-------- Working data
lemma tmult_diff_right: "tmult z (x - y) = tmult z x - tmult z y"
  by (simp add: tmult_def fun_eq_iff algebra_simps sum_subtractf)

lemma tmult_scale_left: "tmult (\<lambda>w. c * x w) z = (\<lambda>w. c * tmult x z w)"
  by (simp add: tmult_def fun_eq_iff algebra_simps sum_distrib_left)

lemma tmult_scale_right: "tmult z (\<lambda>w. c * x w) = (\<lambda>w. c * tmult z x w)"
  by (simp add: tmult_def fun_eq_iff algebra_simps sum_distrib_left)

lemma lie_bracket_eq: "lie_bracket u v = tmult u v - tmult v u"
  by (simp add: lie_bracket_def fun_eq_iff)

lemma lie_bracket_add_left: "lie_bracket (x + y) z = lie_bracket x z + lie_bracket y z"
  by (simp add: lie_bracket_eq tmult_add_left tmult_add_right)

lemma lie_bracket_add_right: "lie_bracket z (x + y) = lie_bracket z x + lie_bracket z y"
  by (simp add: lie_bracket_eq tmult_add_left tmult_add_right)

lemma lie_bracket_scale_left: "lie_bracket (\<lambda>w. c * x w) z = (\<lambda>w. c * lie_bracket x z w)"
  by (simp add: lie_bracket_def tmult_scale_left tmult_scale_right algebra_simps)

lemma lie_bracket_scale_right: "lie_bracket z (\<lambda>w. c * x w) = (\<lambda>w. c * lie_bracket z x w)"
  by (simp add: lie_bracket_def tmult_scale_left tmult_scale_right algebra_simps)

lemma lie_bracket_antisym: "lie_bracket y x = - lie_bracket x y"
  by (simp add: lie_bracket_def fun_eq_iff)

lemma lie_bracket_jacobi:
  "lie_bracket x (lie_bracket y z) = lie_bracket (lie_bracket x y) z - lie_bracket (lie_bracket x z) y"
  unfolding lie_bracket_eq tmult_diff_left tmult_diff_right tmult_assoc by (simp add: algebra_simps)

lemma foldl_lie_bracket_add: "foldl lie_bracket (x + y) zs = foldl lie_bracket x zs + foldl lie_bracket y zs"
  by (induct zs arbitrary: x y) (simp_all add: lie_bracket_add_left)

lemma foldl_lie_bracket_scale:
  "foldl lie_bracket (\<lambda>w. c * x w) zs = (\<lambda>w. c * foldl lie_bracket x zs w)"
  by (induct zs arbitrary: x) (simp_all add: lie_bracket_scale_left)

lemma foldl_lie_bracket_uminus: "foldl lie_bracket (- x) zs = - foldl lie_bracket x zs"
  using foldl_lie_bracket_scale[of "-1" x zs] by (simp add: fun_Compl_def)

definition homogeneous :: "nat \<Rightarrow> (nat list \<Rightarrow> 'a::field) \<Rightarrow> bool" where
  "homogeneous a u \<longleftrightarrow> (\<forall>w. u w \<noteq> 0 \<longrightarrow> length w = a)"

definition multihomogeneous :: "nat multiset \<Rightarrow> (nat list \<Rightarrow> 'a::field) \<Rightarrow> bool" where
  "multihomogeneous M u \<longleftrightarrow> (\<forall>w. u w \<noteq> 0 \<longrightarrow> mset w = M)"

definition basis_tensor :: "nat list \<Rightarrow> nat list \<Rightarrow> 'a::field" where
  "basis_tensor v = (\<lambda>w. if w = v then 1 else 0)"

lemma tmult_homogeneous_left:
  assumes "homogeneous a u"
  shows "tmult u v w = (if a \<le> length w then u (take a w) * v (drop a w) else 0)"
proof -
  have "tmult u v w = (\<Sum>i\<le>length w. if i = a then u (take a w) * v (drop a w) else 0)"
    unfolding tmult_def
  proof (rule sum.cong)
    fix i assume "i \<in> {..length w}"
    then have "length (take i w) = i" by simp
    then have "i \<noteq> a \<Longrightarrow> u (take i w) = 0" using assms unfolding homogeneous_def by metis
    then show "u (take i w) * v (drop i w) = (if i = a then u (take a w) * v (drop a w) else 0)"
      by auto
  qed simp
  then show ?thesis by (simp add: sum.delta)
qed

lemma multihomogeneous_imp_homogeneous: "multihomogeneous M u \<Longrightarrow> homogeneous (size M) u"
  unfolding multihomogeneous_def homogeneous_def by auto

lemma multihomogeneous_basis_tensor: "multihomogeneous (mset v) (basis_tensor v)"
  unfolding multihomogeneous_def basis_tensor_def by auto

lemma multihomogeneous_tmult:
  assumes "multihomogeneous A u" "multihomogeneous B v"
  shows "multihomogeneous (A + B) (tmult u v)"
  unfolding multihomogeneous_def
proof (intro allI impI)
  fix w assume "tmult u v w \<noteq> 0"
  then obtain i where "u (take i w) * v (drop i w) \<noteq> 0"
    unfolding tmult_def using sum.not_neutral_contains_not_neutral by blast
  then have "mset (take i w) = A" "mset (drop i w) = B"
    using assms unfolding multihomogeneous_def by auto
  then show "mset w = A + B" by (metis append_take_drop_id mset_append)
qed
----------------
Each line above with the word "assms" needs to be copied.

■ Response below:
    then have "i \<noteq> a \<Longrightarrow> u (take i w) = 0" using assms unfolding homogeneous_def by metis
    using assms unfolding multihomogeneous_def by auto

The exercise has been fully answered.